### TASK REQUIREMENTS
Reproduce the closing part of the entries exactly: the line with "unfolding dist_A_def infdist_notempty[OF" and all lines after it, ending with the last line, and nothing else.

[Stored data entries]

━━━━━━━━━━━━━━━━

lemma fire_jump_potential:
  assumes "fire_jump El r i \<tau> g" "0 \<le> \<tau>$v" "0 < r$v" "r$v \<le> 1"
  shows "min (g$v) (r$v) + (if i = v then r$v else 0) \<le> min (\<tau>$v) (r$v)"
proof (cases "i = v")
  case False
  then have "g$v \<in> R_set El r i \<tau> v"
    using assms(1) by (simp add: fire_jump_def)
  then show ?thesis
    using False assms(2,3) by (auto simp: mem_R_set_iff min_def split: if_splits)
qed (use assms in \<open>simp add: fire_jump_def\<close>)

lemma fire_jump_resets_in_phase:
  assumes jump: "fire_jump El r i \<tau> g" and cube: "\<tau> \<in> cbox 0 1" and synced: "synced_on X 0 \<tau>"
    and "i \<in> X" "j \<in> X \<union> El `` {i}"
  shows "g$j \<in> {0, 1}"
proof (cases "j = i \<or> (i, j) \<in> El")
  case True
  then show ?thesis
    using jump by (auto simp: fire_jump_def mem_R_set_iff)
next
  case False
  then have "j \<in> X" "g$j = \<tau>$j"
    using jump \<open>j \<in> X \<union> El `` {i}\<close> by (auto simp: fire_jump_def mem_R_set_iff)
  moreover have "phase_dist (\<tau>$j) (\<tau>$i) \<le> 0"
    using synced \<open>j \<in> X\<close> \<open>i \<in> X\<close> unfolding synced_on_def by blast
  moreover have "\<tau>$i = 1"
    using jump by (simp add: fire_jump_def)
  ultimately show ?thesis
    using cube phase_dist_le_0_iff[of "\<tau>$j" 1] by (auto simp: mem_unit_cube_iff)
qed

section \<open>Distance to the synchronization set\<close>

lemma dist_A_le_norm:
  assumes "a \<in> A_s"
  shows "dist_A (\<tau>, k) \<le> norm (\<tau> - a)"
proof -
  have "(a, real k) \<in> A_set"
    using assms by (auto simp: A_set_def)
  then have "dist_A (\<tau>, k) \<le> dist (\<tau>, real k) (a, real k)"
    unfolding dist_A_def by (simp add: infdist_le)
  then show ?thesis
    by (simp add: dist_Pair_Pair dist_norm)
qed

lemma phase_dist_le_norm_A_s:
  assumes "a \<in> A_s"
  shows "phase_dist (\<tau>$i) (\<tau>$j) \<le> 2 * norm (\<tau> - a)"
proof -
  have "\<bar>\<tau>$i - a$i\<bar> \<le> norm (\<tau> - a)" "\<bar>\<tau>$j - a$j\<bar> \<le> norm (\<tau> - a)"
    using component_le_norm_cart[of "\<tau> - a"] by auto
  moreover have "a$i = a$j \<or> \<bar>a$i - a$j\<bar> = 1"
  proof -
    consider \<mu> where "a = (\<chi> _. \<mu>)" | "a$i \<in> {0, 1}" "a$j \<in> {0, 1}"
      using assms unfolding A_s_def by blast
    then show ?thesis
      by cases auto
  qed
  ultimately show ?thesis
    by (auto simp: phase_dist_def min_def abs_if split: if_splits)
qed

lemma synced_on_dist_A:
  fixes \<tau> :: "real^'n::finite"
  shows "synced_on UNIV (2 * dist_A (\<tau>, k)) \<tau>"
  unfolding synced_on_def
proof (intro ballI)
  fix i j
  have "(0, real 0) \<in> A_set"
    by (force simp: A_set_def A_s_def)
  then have nonempty: "A_set \<noteq> {}"
    by blast
  have "phase_dist (\<tau>$i) (\<tau>$j) / 2 \<le> dist_A (\<tau>, k)"
    unfolding dist_A_def infdist_notempty[OF nonempty]
  proof (rule cINF_greatest[OF nonempty])
    fix z :: "(real^'n) \<times> real"
    assume "z \<in> A_set"
    then obtain a k' where z: "z = (a, real k')" and "a \<in> A_s"
      by (auto simp: A_set_def)
    then have "phase_dist (\<tau>$i) (\<tau>$j) \<le> 2 * dist \<tau> a"
      using phase_dist_le_norm_A_s by (simp add: dist_norm)
    also have "dist \<tau> a \<le> dist (\<tau>, real k) z"
      using dist_fst_le[of "(\<tau>, real k)" z] by (simp add: z)
    finally show "phase_dist (\<tau>$i) (\<tau>$j) / 2 \<le> dist (fst (\<tau>, k), real (snd (\<tau>, k))) z"
      by simp
  qed
  then show "phase_dist (\<tau>$i) (\<tau>$j) \<le> 2 * dist_A (\<tau>, k)"
    by simp
qed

━━━━━━━━━━━━━━━━

### SOLUTION TO THE PROBLEM
    unfolding dist_A_def infdist_notempty[OF nonempty]
  proof (rule cINF_greatest[OF nonempty])
    fix z :: "(real^'n) \<times> real"
    assume "z \<in> A_set"
    then obtain a k' where z: "z = (a, real k')" and "a \<in> A_s"
      by (auto simp: A_set_def)
    then have "phase_dist (\<tau>$i) (\<tau>$j) \<le> 2 * dist \<tau> a"
      using phase_dist_le_norm_A_s by (simp add: dist_norm)
    also have "dist \<tau> a \<le> dist (\<tau>, real k) z"
      using dist_fst_le[of "(\<tau>, real k)" z] by (simp add: z)
    finally show "phase_dist (\<tau>$i) (\<tau>$j) / 2 \<le> dist (fst (\<tau>, k), real (snd (\<tau>, k))) z"
      by simp
  qed
  then show "phase_dist (\<tau>$i) (\<tau>$j) \<le> 2 * dist_A (\<tau>, k)"
    by simp
qed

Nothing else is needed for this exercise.